Headline Comparisons

  • Central government current receipts in June were 4.7% higher than in the same month last year, excluding the impact of transfers related to the Asset Purchase Facility (APF). Taking receipts over April to June together, these were 1.6% higher than in the same three months of 2013. This is lower than the 5.0% growth forecast for the year as a whole by the OBR at the time of the March 2014 Budget, but there is good reason to believe that the average growth in receipts will be higher over the remainder of the financial year. Receipts in the early months of last year were particularly high for two reasons. First, the Exchequer received £0.9 billion from a tax on Swiss bank accounts. Second, some high income individuals responded to the reduction in the top rate of income tax in April 2013 by shifting income from the 2012–13 tax year into 2013–14. These have the effect of depressing the growth in receipts in the early months of 2014–15.
  • Central government current spending in June was 4.0% higher than in the same month last year, and taking the first three months of this financial year together, spending has been 1.0% higher than in the same months of 2013. This is lower growth in spending than the 2.0% increase forecast by the OBR in March for the year as a whole.
  • Public sector net investment in June was £1.5 billion, £0.4 billion more than was spent in June last year. Together, public sector net investment between April and June 2014 has been £4.3 billion. This is £1.0 billion higher than over the same three months in 2013. The OBR’s March 2014 forecast was for net investment over the whole of 2014–15 to be £27.9 billion, which is 12.8% above last year’s level (£24.7 billion).
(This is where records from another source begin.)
lemma balanced_split_through_long_orbit:
  assumes S: "finite S" and g: "g permutes S" "evenperm g"
    and IH: "\<And>g'. g' permutes S \<Longrightarrow> evenperm g' \<Longrightarrow> mu g' < mu g \<Longrightarrow> splits_through S g'"
    and x: "x \<in> moved g" "g (g x) \<noteq> x" and s: "3/2 \<le> s" "s \<le> real (mu g)"
  shows "\<exists>h k. balanced_split S g s h k \<and> x \<in> moved h"
proof -
  define y where "y = g x"
  define z where "z = g y"
  have "x \<noteq> y" "x \<noteq> z" using x by (auto simp: moved_def y_def z_def)
  moreover have "y \<noteq> z" using \<open>x \<noteq> y\<close> inj_eq[OF permutes_inj[OF g(1)]] by (simp add: y_def z_def)
  ultimately have distinct: "x \<noteq> y" "x \<noteq> z" "y \<noteq> z" .
  have "{x, y, z} \<subseteq> S"
    using x(1) moved_subset_if_permutes[OF g(1)] permutes_in_image[OF g(1)] by (auto simp: y_def z_def)
  define c where "c = Transposition.transpose x y \<circ> Transposition.transpose y z"
  define g' where "g' = Transposition.transpose y z \<circ> Transposition.transpose x y \<circ> g"
  have c: "c permutes S" "evenperm c" "moved c = {x, y, z}"
    unfolding c_def using \<open>{x, y, z} \<subseteq> S\<close> distinct
    by (auto simp: permutes_transpose_comp_transpose evenperm_transpose_comp_transpose
        moved_transpose_comp_transpose doubleton_eq_iff)
  have g': "g' permutes S" "evenperm g'"
    unfolding g'_def
    using permutes_evenperm_transpose_comp_transpose_comp[of S g y z x y]
      S g \<open>{x, y, z} \<subseteq> S\<close> distinct by auto
  have "g' x = x" "g' y = y" using distinct by (simp_all add: g'_def y_def z_def)
  then have "moved c \<inter> moved g' \<subseteq> {z}" using c(3) by (auto simp: moved_def)
  moreover have "g = c \<circ> g'" by (simp add: c_def g'_def fun_eq_iff)
  moreover have "mu c = 3" using c(3) distinct by (simp add: mu_eq_card_moved)
  ultimately show ?thesis
    using balanced_split_peel[OF S c(1,2) _ g' _ _ _ _ _ s(2)] IH[OF g'] c(3) s(1) by auto
qed

lemma balanced_split_through_transposition:
  assumes S: "finite S" and g: "g permutes S" "evenperm g"
    and IH: "\<And>g'. g' permutes S \<Longrightarrow> evenperm g' \<Longrightarrow> mu g' < mu g \<Longrightarrow> splits_through S g'"
    and x: "x \<in> moved g" "g (g x) = x" and s: "3/2 \<le> s" "s \<le> real (mu g)"
  shows "\<exists>h k. balanced_split S g s h k \<and> x \<in> moved h"
proof -
  define y where "y = g x"
  have "x \<noteq> y" using x by (auto simp: moved_def y_def)
  have gxy: "g x = y" "g y = x" using x by (simp_all add: y_def)
  obtain q where q: "q \<in> moved g" "q \<noteq> x" "q \<noteq> y"
  proof (rule ccontr)
    assume "\<not> thesis"
    then have "w \<in> moved g \<Longrightarrow> w = x \<or> w = y" for w using that by blast
    then have "g = Transposition.transpose x y"
      using gxy by (auto simp: fun_eq_iff transpose_def moved_def)
    then show False using g(2) \<open>x \<noteq> y\<close> by (simp add: evenperm_swap)
  qed
  define r where "r = g q"
  have inj_g: "g a = g b \<longleftrightarrow> a = b" for a b
    using inj_eq[OF permutes_inj[OF g(1)]] .
  have distinct: "x \<noteq> y" "x \<noteq> q" "y \<noteq> q" "x \<noteq> r" "y \<noteq> r" "q \<noteq> r"
    using \<open>x \<noteq> y\<close> q gxy inj_g[of q x] inj_g[of q y] by (auto simp: r_def moved_def)
  have "g r \<noteq> r" using distinct inj_g[of r q] by (simp add: r_def)
  then have "{x, y, q, r} \<subseteq> moved g" using x(1) q(1) gxy distinct by (auto simp: moved_def)
  then have "{x, y, q, r} \<subseteq> S" using moved_subset_if_permutes[OF g(1)] by blast
  show ?thesis
  proof (cases "s \<le> 5/2")
    case True
    \<comment> \<open>A double transposition would overshoot, so the 3-cycle on x, y, q is split off directly;
      it meets k in two points, but crude bounds on \<open>\<mu>\<^sub>k\<close> suffice.\<close>
    define c where "c = Transposition.transpose x y \<circ> Transposition.transpose y q"
    define k where "k = Transposition.transpose y q \<circ> Transposition.transpose x y \<circ> g"
    have c: "c permutes S" "evenperm c" "moved c = {x, y, q}"
      unfolding c_def using \<open>{x, y, q, r} \<subseteq> S\<close> distinct
      by (auto simp: permutes_transpose_comp_transpose evenperm_transpose_comp_transpose
          moved_transpose_comp_transpose doubleton_eq_iff)
    have k: "k permutes S" "evenperm k"
      unfolding k_def
      using permutes_evenperm_transpose_comp_transpose_comp[of S g y q x y]
        S g \<open>{x, y, q, r} \<subseteq> S\<close> distinct by auto
    have g_ck: "g = c \<circ> k" by (simp add: c_def k_def fun_eq_iff)
    have "moved (Transposition.transpose y q \<circ> Transposition.transpose x y) = {y, q, x}"
      using distinct by (auto simp: moved_transpose_comp_transpose doubleton_eq_iff)
    then have "moved k \<subseteq> {y, q, x} \<union> moved g"
      using moved_comp_subset unfolding k_def by blast
    moreover have "k x = x" using distinct by (simp add: k_def gxy)
    ultimately have "moved k \<subseteq> moved g - {x}"
      using \<open>{x, y, q, r} \<subseteq> moved g\<close> by (auto simp: moved_def)
    then have "mu k \<le> mu g - 1"
      unfolding mu_eq_card_moved
      using card_mono[OF finite_Diff[OF finite_moved_if_permutes[OF S g(1)]]] x(1)
      by (metis card_Diff_singleton)
    moreover have "mu g \<le> mu c + mu k"
    proof -
      have "moved g \<subseteq> moved c \<union> moved k" using moved_comp_subset g_ck by metis
      then have "card (moved g) \<le> card (moved c \<union> moved k)"
        using finite_moved_if_permutes[OF S] c(1) k(1) by (simp add: card_mono)
      then show ?thesis using card_Un_le[of "moved c" "moved k"] by (simp add: mu_eq_card_moved)
    qed
    moreover have "mu c = 3" using c(3) distinct by (simp add: mu_eq_card_moved)
    moreover have "1 \<le> mu g" using x(1) finite_moved_if_permutes[OF S g(1)]
      by (auto simp: mu_eq_card_moved card_gt_0_iff Suc_le_eq)
    ultimately have "\<bar>real (mu c) - s\<bar> \<le> 3/2" "\<bar>real (mu k) - (real (mu g) - s)\<bar> \<le> 3/2"
      using s True by linarith+
    then have "balanced_split S g s c k"
      using c k g_ck \<open>{x, y, q, r} \<subseteq> moved g\<close> by (auto simp: balanced_split_def)
    then show ?thesis using c(3) by blast
  next
    case False
    define d where "d = Transposition.transpose x y \<circ> Transposition.transpose q r"
    define g' where "g' = Transposition.transpose q r \<circ> Transposition.transpose x y \<circ> g"
    have d: "d permutes S" "evenperm d" "moved d = {x, y, q, r}"
      unfolding d_def using \<open>{x, y, q, r} \<subseteq> S\<close> distinct
      by (auto simp: permutes_transpose_comp_transpose evenperm_transpose_comp_transpose
          moved_transpose_comp_transpose doubleton_eq_iff)
    have g': "g' permutes S" "evenperm g'"
      unfolding g'_def
      using permutes_evenperm_transpose_comp_transpose_comp[of S g q r x y]
        S g \<open>{x, y, q, r} \<subseteq> S\<close> distinct by auto
    have "g' x = x" "g' y = y" "g' q = q" using distinct by (simp_all add: g'_def gxy r_def)
    then have "moved d \<inter> moved g' \<subseteq> {r}" using d(3) by (auto simp: moved_def)
    moreover have "g = d \<circ> g'" by (simp add: d_def g'_def fun_eq_iff)
    moreover have "mu d = 4" using d(3) distinct by (simp add: mu_eq_card_moved)
    ultimately show ?thesis
      using balanced_split_peel[OF S d(1,2) _ g' _ _ _ _ _ s(2)] IH[OF g'] d(3) False by auto
  qed
qed

lemma splits_through_if_evenperm:
  assumes S: "finite S"
  shows "g permutes S \<Longrightarrow> evenperm g \<Longrightarrow> splits_through S g"
proof (induction "mu g" arbitrary: g rule: less_induct)
  case less
  show ?case unfolding splits_through_def
  proof (intro allI impI)
    fix x s assume "x \<in> moved g" "3/2 \<le> s" "s \<le> real (mu g)"
    then show "\<exists>h k. balanced_split S g s h k \<and> x \<in> moved h"
      using balanced_split_through_long_orbit[OF S less.prems less.hyps]
        balanced_split_through_transposition[OF S less.prems less.hyps]
      by (cases "g (g x) = x") auto
  qed
qed

theorem lemma2p2:
  fixes n :: nat and t :: real and g :: "nat \<Rightarrow> nat"
  assumes "n \<ge> 1" and "0 \<le> t" and "t \<le> 1"
    and "g permutes {1..n}" and "evenperm g"
  shows "\<exists>h k. h permutes {1..n} \<and> evenperm h \<and> k permutes {1..n} \<and> evenperm k \<and>
           g = h \<circ> k \<and>
           \<bar>real (mu h) - t * real (mu g)\<bar> \<le> 3/2 \<and>
           \<bar>real (mu k) - (1 - t) * real (mu g)\<bar> \<le> 3/2"
proof -
  have "splits_through {1..n} g"
    using splits_through_if_evenperm assms(4,5) by blast
  moreover have "0 \<le> t * real (mu g)" "t * real (mu g) \<le> real (mu g)"
    using assms(2,3) by (simp_all add: mult_left_le_one_le)
  ultimately obtain h k where "balanced_split {1..n} g (t * real (mu g)) h k"
    using balanced_split_exists assms(4,5) by blast
  then show ?thesis by (auto simp: balanced_split_def left_diff_distrib)
qed

end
  • Public sector net borrowing in June was £11.4 billion, similar to the £11.5 billion borrowed in the same month of last year once cash flows relating to the APF are excluded. On the same basis borrowing for the first three months of this financial year has been 7.3% higher than over the same period last year. This compares unfavourably with the 11.4% fall in borrowing forecast for the year as a whole by the Office for Budget Responsibility (OBR) in March 2014, but the comparison between borrowing this year and last is also affected by the unusually high receipts from taxes on high income individuals and from the Swiss capital tax in the early months of 2013–14. Over the rest of the financial year the comparison between borrowing this year and last is likely to look more favourable.